(* Let $G$ be a finite group, $D$ a Dedekind domain of characteristic $0$, and $A$ a $DG$-module which is a $P$-module for some maximal ideal $P$ of $D$. If $\mathrm{char}(D/P)=0$ and $\mathrm{sr}_{DG}(A)=r\in\mathbb{N}$, then $A$ is an Artinian $D$-module.
   Context: $A$ is a $P$-module if for every $a\in A$ there is $n\in\mathbb{N}$ with $aP^n=0$. A generating subset of a submodule is minimal if no proper subset generates it; $\mathrm{sr}_{DG}(A)=r$ means every finitely generated $DG$-submodule of $A$ can be generated by $r$ elements and some finitely generated $DG$-submodule has a minimal generating subset of exactly $r$ elements. *)

theory Defs
  imports Complex_Main "HOL-Algebra.Group"
begin

definition is_ideal :: "'d::comm_ring_1 set \<Rightarrow> bool" where
  "is_ideal I \<longleftrightarrow> 0 \<in> I \<and> (\<forall>x\<in>I. \<forall>y\<in>I. x + y \<in> I) \<and> (\<forall>r. \<forall>x\<in>I. r * x \<in> I)"

definition prime_ideal :: "'d::comm_ring_1 set \<Rightarrow> bool" where
  "prime_ideal P \<longleftrightarrow> is_ideal P \<and> P \<noteq> UNIV \<and> (\<forall>a b. a * b \<in> P \<longrightarrow> a \<in> P \<or> b \<in> P)"

definition maximal_ideal :: "'d::comm_ring_1 set \<Rightarrow> bool" where
  "maximal_ideal P \<longleftrightarrow> is_ideal P \<and> P \<noteq> UNIV \<and>
     (\<forall>I. is_ideal I \<and> P \<subseteq> I \<longrightarrow> I = P \<or> I = UNIV)"

definition ideal_gen :: "'d::comm_ring_1 set \<Rightarrow> 'd set" where
  "ideal_gen S = \<Inter>{I. is_ideal I \<and> S \<subseteq> I}"

primrec ideal_pow :: "'d::comm_ring_1 set \<Rightarrow> nat \<Rightarrow> 'd set" where
  "ideal_pow P 0 = UNIV"
| "ideal_pow P (Suc n) = ideal_gen {x * y | x y. x \<in> P \<and> y \<in> ideal_pow P n}"

definition residue_char_zero :: "'d::comm_ring_1 set \<Rightarrow> bool" where
  "residue_char_zero P \<longleftrightarrow> (\<forall>n::nat. n > 0 \<longrightarrow> of_nat n \<notin> P)"

definition noetherian_ring :: "'d::comm_ring_1 itself \<Rightarrow> bool" where
  "noetherian_ring _ \<longleftrightarrow> (\<forall>I::'d set. is_ideal I \<longrightarrow> (\<exists>S. finite S \<and> ideal_gen S = I))"

text \<open>Integrally closed in the field of fractions, with denominators cleared:
  if \<open>x/y\<close> (\<open>y \<noteq> 0\<close>) is a root of a monic polynomial over \<open>D\<close>, then \<open>x/y \<in> D\<close>.\<close>
definition integrally_closed :: "'d::idom itself \<Rightarrow> bool" where
  "integrally_closed _ \<longleftrightarrow>
     (\<forall>x y :: 'd. \<forall>n::nat. \<forall>c :: nat \<Rightarrow> 'd.
        y \<noteq> 0 \<and> n > 0 \<and> x ^ n + (\<Sum>i<n. c i * x ^ i * y ^ (n - i)) = 0 \<longrightarrow> y dvd x)"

-- -- --

For this exercise, repeat each line of the listing exactly.

(* Let $G$ be a finite group, $D$ a Dedekind domain of characteristic $0$, and $A$ a $DG$-module which is a $P$-module for some maximal ideal $P$ of $D$. If $\mathrm{char}(D/P)=0$ and $\mathrm{sr}_{DG}(A)=r\in\mathbb{N}$, then $A$ is an Artinian $D$-module.
   Context: $A$ is a $P$-module if for every $a\in A$ there is $n\in\mathbb{N}$ with $aP^n=0$. A generating subset of a submodule is minimal if no proper subset generates it; $\mathrm{sr}_{DG}(A)=r$ means every finitely generated $DG$-submodule of $A$ can be generated by $r$ elements and some finitely generated $DG$-submodule has a minimal generating subset of exactly $r$ elements. *)

theory Defs
  imports Complex_Main "HOL-Algebra.Group"
begin

definition is_ideal :: "'d::comm_ring_1 set \<Rightarrow> bool" where
  "is_ideal I \<longleftrightarrow> 0 \<in> I \<and> (\<forall>x\<in>I. \<forall>y\<in>I. x + y \<in> I) \<and> (\<forall>r. \<forall>x\<in>I. r * x \<in> I)"

definition prime_ideal :: "'d::comm_ring_1 set \<Rightarrow> bool" where
  "prime_ideal P \<longleftrightarrow> is_ideal P \<and> P \<noteq> UNIV \<and> (\<forall>a b. a * b \<in> P \<longrightarrow> a \<in> P \<or> b \<in> P)"

definition maximal_ideal :: "'d::comm_ring_1 set \<Rightarrow> bool" where
  "maximal_ideal P \<longleftrightarrow> is_ideal P \<and> P \<noteq> UNIV \<and>
     (\<forall>I. is_ideal I \<and> P \<subseteq> I \<longrightarrow> I = P \<or> I = UNIV)"

definition ideal_gen :: "'d::comm_ring_1 set \<Rightarrow> 'd set" where
  "ideal_gen S = \<Inter>{I. is_ideal I \<and> S \<subseteq> I}"

primrec ideal_pow :: "'d::comm_ring_1 set \<Rightarrow> nat \<Rightarrow> 'd set" where
  "ideal_pow P 0 = UNIV"
| "ideal_pow P (Suc n) = ideal_gen {x * y | x y. x \<in> P \<and> y \<in> ideal_pow P n}"

definition residue_char_zero :: "'d::comm_ring_1 set \<Rightarrow> bool" where
  "residue_char_zero P \<longleftrightarrow> (\<forall>n::nat. n > 0 \<longrightarrow> of_nat n \<notin> P)"

definition noetherian_ring :: "'d::comm_ring_1 itself \<Rightarrow> bool" where
  "noetherian_ring _ \<longleftrightarrow> (\<forall>I::'d set. is_ideal I \<longrightarrow> (\<exists>S. finite S \<and> ideal_gen S = I))"

text \<open>Integrally closed in the field of fractions, with denominators cleared:
  if \<open>x/y\<close> (\<open>y \<noteq> 0\<close>) is a root of a monic polynomial over \<open>D\<close>, then \<open>x/y \<in> D\<close>.\<close>
definition integrally_closed :: "'d::idom itself \<Rightarrow> bool" where
  "integrally_closed _ \<longleftrightarrow>
     (\<forall>x y :: 'd. \<forall>n::nat. \<forall>c :: nat \<Rightarrow> 'd.
        y \<noteq> 0 \<and> n > 0 \<and> x ^ n + (\<Sum>i<n. c i * x ^ i * y ^ (n - i)) = 0 \<longrightarrow> y dvd x)"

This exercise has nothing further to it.